時間從進入六月,天氣日漸炎熱。
春耕過后,鐵血軍寨及周邊新開辟的墾區,軍民們并未停歇,轉而投入到緊張的田間管理中。
界河的河水被水車成功引導至縱橫交錯的溝渠,灌溉著萬頃良田。
農夫們按照軍寨農業部新制定的章程,民兵隊巡視,有序地進行施肥、除草、防治蟲害。
這套系統化的管理方法,比起以往靠天吃飯、粗放經營,不僅省時省力,效果更是顯著。
夏季太陽毒辣,充足的陽光和水分使得田間的各種作物長勢極為喜人,尤其是冬小麥,已是一片金黃燦爛的海洋。
曾經戍堡區域的軍民種植的冬小麥率先成熟,田野間到處是忙碌收割的身影,豐收的喜悅暫時沖淡了戰爭的陰霾。
然而,在這片豐收景象的對岸,氣氛卻截然不同。
草原部落經過一冬一春的蟄伏,眼見河南岸的莊稼長勢如此之好,尤其是鐵血軍寨今年開墾了遠超從前的田地。
那望不到邊的稻谷、蕎麥、粟米,如同磁石般吸引著饑餓的豺狼。
斥候不斷回報,對岸的游騎數量明顯增多,窺探的頻率加劇。
顯然,草原上的部落已經蠢蠢欲動,或為了報去年之仇,或南下“打草谷”的欲望空前強烈。
面對即將到來的威脅,鐵血軍寨及其附屬的戍堡體系早已進入全面戒備狀態。
軍寨水師雖擁有新造的戰船,卻謹記秦猛的命令,并未暴露真實實力,平日只有幾艘小船在河面例行巡視,給對岸的韃子造成守軍力量有限的假象。
偶爾有小股韃子試圖用竹筏、皮筏渡河騷擾,也均被嚴陣以待的各營巡邏隊迅速擊退。
這不僅是發生在秦猛的防區。
同樣發生在呼幽州虎賁軍,并州鷹揚軍和熊羆軍所駐扎的邊塞,而且更加頻繁,形勢嚴峻。
日子在緊張的備戰與繁忙的農事中悄然流逝!
軍寨外圍,規劃出的廣袤牧場已徹底建立。
昔日林帶邊緣,方圓十多里的區域被堅固的防護欄環繞,各隊官兵分段駐守,警戒森嚴。
牧場內,數千匹戰馬、近萬頭牛羊,或在寬敞的馬廄中接受精心飼養,或被經驗日益豐富的牧民驅趕到水草豐美之處放牧。
由狼戎族女子為主的奶制品工坊建立了處,她們熟練地擠奶、發酵,制作出大量耐儲存的奶酪和奶渣。

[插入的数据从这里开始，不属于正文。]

lemma signed_perm_ascending_eq_id:
  assumes w: "signed_perm n w" and pos: "0 < w 1"
    and asc: "\<And>i. 1 \<le> i \<Longrightarrow> i < int n \<Longrightarrow> w i < w (i + 1)"
  shows "w = id"
proof -
  have range: "\<bar>w i\<bar> \<le> int n" if "1 \<le> i" "i \<le> int n" for i
    using signed_perm_in_support[OF w, of i] that by (simp add: signed_support_def)
  have lower: "i \<le> w i" if "1 \<le> i" "i \<le> int n" for i
    using that
  proof (induction i rule: int_ge_induct)
    case (step i)
    then show ?case using asc[of i] by simp
  qed (use pos in simp)
  have upper: "w i \<le> i" if "i \<le> int n" "1 \<le> i" for i
    using that
  proof (induction i rule: int_le_induct)
    case base
    then show ?case using range[of "int n"] by simp
  next
    case (step i)
    then show ?case using asc[of "i - 1"] by simp
  qed
  have "w i = i" for i
  proof (cases "i \<in> signed_support n")
    case True
    then consider "1 \<le> i" "i \<le> int n" | "1 \<le> - i" "- i \<le> int n"
      by (auto simp: signed_support_def abs_if split: if_splits)
    then show ?thesis
    proof cases
      case 2
      then show ?thesis using lower[of "- i"] upper[of "- i"] signed_perm_odd[OF w, of i] by simp
    qed (use lower upper in force)
  next
    case False
    then show ?thesis using w by (simp add: signed_perm_def)
  qed
  then show ?thesis by auto
qed

lemma inv_len_descent:
  assumes w: "signed_perm n w" and n: "1 \<le> n" and "w \<noteq> id"
  obtains g where "g \<in> gensB n" "inv_len n (w \<circ> g) = inv_len n w - 2"
proof -
  have "1 \<in> signed_support n"
    using n by (simp add: signed_support_def)
  then have "w 1 \<noteq> 0"
    using signed_perm_in_support[OF w] by (fastforce simp: signed_support_def)
  consider "w 1 < 0" | i where "1 \<le> i" "i < int n" "w (i + 1) < w i"
  proof (cases "w 1 < 0")
    case False
    then have "0 < w 1" using \<open>w 1 \<noteq> 0\<close> by simp
    then obtain i where "1 \<le> i" "i < int n" "\<not> w i < w (i + 1)"
      using signed_perm_ascending_eq_id[OF w] \<open>w \<noteq> id\<close> by blast
    moreover have "w i \<noteq> w (i + 1)"
      using calculation signed_perm_eq_iff[OF w, of i "i + 1"] by (simp add: signed_support_def)
    ultimately show ?thesis using that(2) by simp
  qed
  then show ?thesis
  proof cases
    case 1
    then show ?thesis
      using that[OF tB_in_gensB] inv_len_comp_tB[OF w n] by simp
  next
    case (2 i)
    define k where "k = nat i"
    have k: "i = int k" "1 \<le> k" "k + 1 \<le> n"
      using 2 by (auto simp: k_def)
    then show ?thesis
      using that[OF sB_in_gensB[OF k(2,3)]] inv_len_comp_sB[OF w k(2,3)] 2 by simp
  qed
qed
(* Let $\alpha\in(0,1)$ and let $j\ge2$ be an integer, with coefficients $c_s^{(\alpha)}$, $0\le s\le j$, as defined in the context. Then $$\frac{11}{16}\cdot\frac{1-\alpha}{(j+1)^\alpha}<c_j^{(\alpha)}<\frac{1-\alpha}{j^\alpha},$$ $$c_0^{(\alpha)}>c_2^{(\alpha)}>c_3^{(\alpha)}>\dots>c_{j-1}^{(\alpha)}>c_j^{(\alpha)}\quad(\text{i.e. } c_0^{(\alpha)}>c_2^{(\alpha)} \text{ and } c_s^{(\alpha)}>c_{s+1}^{(\alpha)} \text{ for } 2\le s\le j-1),$$ $$c_0^{(\alpha)}+3c_1^{(\alpha)}-4c_2^{(\alpha)}>0.$$
   Context: For $l\ge 0$: $a_l^{(\alpha)}=(l+1)^{1-\alpha}-l^{1-\alpha}$ and $b_l^{(\alpha)}=\frac{1}{2-\alpha}\left[(l+1)^{2-\alpha}-l^{2-\alpha}\right]-\frac12\left[(l+1)^{1-\alpha}+l^{1-\alpha}\right]$. The coefficients $c_s^{(\alpha)}$ depend on $j$: for $j=2$: $c_0^{(\alpha)}=a_0^{(\alpha)}+b_0^{(\alpha)}$, $c_1^{(\alpha)}=a_1^{(\alpha)}+b_1^{(\alpha)}+b_2^{(\alpha)}-b_0^{(\alpha)}$, $c_2^{(\alpha)}=a_2^{(\alpha)}-b_2^{(\alpha)}-b_1^{(\alpha)}$; for $j\ge3$: $c_0^{(\alpha)}=a_0^{(\alpha)}+b_0^{(\alpha)}$, $c_s^{(\alpha)}=a_s^{(\alpha)}+b_s^{(\alpha)}-b_{s-1}^{(\alpha)}$ for $1\le s\le j-2$, $c_{j-1}^{(\alpha)}=a_{j-1}^{(\alpha)}+b_{j-1}^{(\alpha)}+b_j^{(\alpha)}-b_{j-2}^{(\alpha)}$, $c_j^{(\alpha)}=a_j^{(\alpha)}-b_j^{(\alpha)}-b_{j-1}^{(\alpha)}$. *)

theory Defs
  imports Complex_Main
begin

definition acoef :: "real \<Rightarrow> nat \<Rightarrow> real" where
  "acoef \<alpha> l = (real l + 1) powr (1 - \<alpha>) - (real l) powr (1 - \<alpha>)"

這些高能量的食物被優先供應給正在長身體的孩童、訓練量巨大的軍隊以及需要營養的老人傷兵。
軍寨內各項事務逐漸步入正軌,顯得井井有條。
位于側翼的雙渦堡,原本殘破的堡墻早已煥然一新,并且向外進行了大規模擴建。
新堡墻根基夯得更加結實,更高更厚,其上矗立著上百座堅固高大的寨樓,箭孔密布,守望相助。
堡內安置了大量吸納來的流民,人口已逐漸超過四千。
負責此地防務的張富貴、林軍二人,不僅保持著一千多名裝備精良、訓練有素的常備戰兵。
更將堡內所有符合條件的青壯年乃至半大小子,都按什伍編制分組編隊,利用農閑時節嚴格操練。
甚至不少健壯婦人也組織起來,進行簡單的弓弩射擊或物資搬運訓練,以備不時之需。
整個雙渦堡,儼然一座軍民一體、時刻備戰的堅城。
另一側的蘆葦堡,重建工作更是如火如荼。
在軍寨大力投入人力物力,以及“以工代賑”吸納流民的政策下,這片戍堡廢墟之上,一座更加堅固、規劃更合理的軍事戍堡正浴火重生。
——依舊沿用以前的名字蘆葦堡!
代堡主李山展現出不凡的組織才能,他一邊組織人手參與筑城、訓練新兵,一邊協助安頓下來的百姓開墾荒地,爭取早日實現糧食自給。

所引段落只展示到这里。